* [TASK TO CARRY OUT]: Check every line of the data below for "have". Copy each one that has it.

Dataset entries
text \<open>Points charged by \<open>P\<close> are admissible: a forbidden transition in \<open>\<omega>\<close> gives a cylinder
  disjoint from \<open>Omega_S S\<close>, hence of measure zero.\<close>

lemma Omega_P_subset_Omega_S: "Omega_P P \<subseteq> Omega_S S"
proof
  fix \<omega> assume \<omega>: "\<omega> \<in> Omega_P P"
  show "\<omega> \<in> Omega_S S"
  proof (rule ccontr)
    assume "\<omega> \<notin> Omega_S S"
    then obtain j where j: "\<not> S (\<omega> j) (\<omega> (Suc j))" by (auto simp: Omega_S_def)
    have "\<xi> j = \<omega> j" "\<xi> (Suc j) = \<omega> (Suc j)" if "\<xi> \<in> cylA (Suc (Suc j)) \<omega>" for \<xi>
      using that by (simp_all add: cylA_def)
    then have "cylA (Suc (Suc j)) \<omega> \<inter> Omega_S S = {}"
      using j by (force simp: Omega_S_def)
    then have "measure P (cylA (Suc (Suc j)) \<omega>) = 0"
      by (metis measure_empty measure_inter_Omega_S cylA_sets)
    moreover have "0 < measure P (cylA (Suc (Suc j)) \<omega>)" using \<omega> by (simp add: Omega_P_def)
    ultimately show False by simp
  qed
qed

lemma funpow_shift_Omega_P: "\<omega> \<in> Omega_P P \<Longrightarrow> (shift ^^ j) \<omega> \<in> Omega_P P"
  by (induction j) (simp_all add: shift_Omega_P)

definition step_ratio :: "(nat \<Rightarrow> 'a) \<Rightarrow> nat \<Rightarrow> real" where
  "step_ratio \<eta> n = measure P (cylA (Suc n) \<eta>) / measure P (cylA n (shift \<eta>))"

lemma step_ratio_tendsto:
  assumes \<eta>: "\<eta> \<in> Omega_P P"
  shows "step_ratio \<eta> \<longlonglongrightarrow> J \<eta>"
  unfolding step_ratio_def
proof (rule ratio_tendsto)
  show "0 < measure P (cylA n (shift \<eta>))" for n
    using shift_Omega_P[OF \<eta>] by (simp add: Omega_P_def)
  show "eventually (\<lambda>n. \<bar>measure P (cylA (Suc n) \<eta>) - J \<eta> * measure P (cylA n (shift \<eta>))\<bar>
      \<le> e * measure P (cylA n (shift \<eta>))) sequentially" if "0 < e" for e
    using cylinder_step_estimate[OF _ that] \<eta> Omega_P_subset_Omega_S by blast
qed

* [ANSWER SPACE]:
    have "\<xi> j = \<omega> j" "\<xi> (Suc j) = \<omega> (Suc j)" if "\<xi> \<in> cylA (Suc (Suc j)) \<omega>" for \<xi>
    then have "cylA (Suc (Suc j)) \<omega> \<inter> Omega_S S = {}"
    then have "measure P (cylA (Suc (Suc j)) \<omega>) = 0"
    moreover have "0 < measure P (cylA (Suc (Suc j)) \<omega>)" using \<omega> by (simp add: Omega_P_def)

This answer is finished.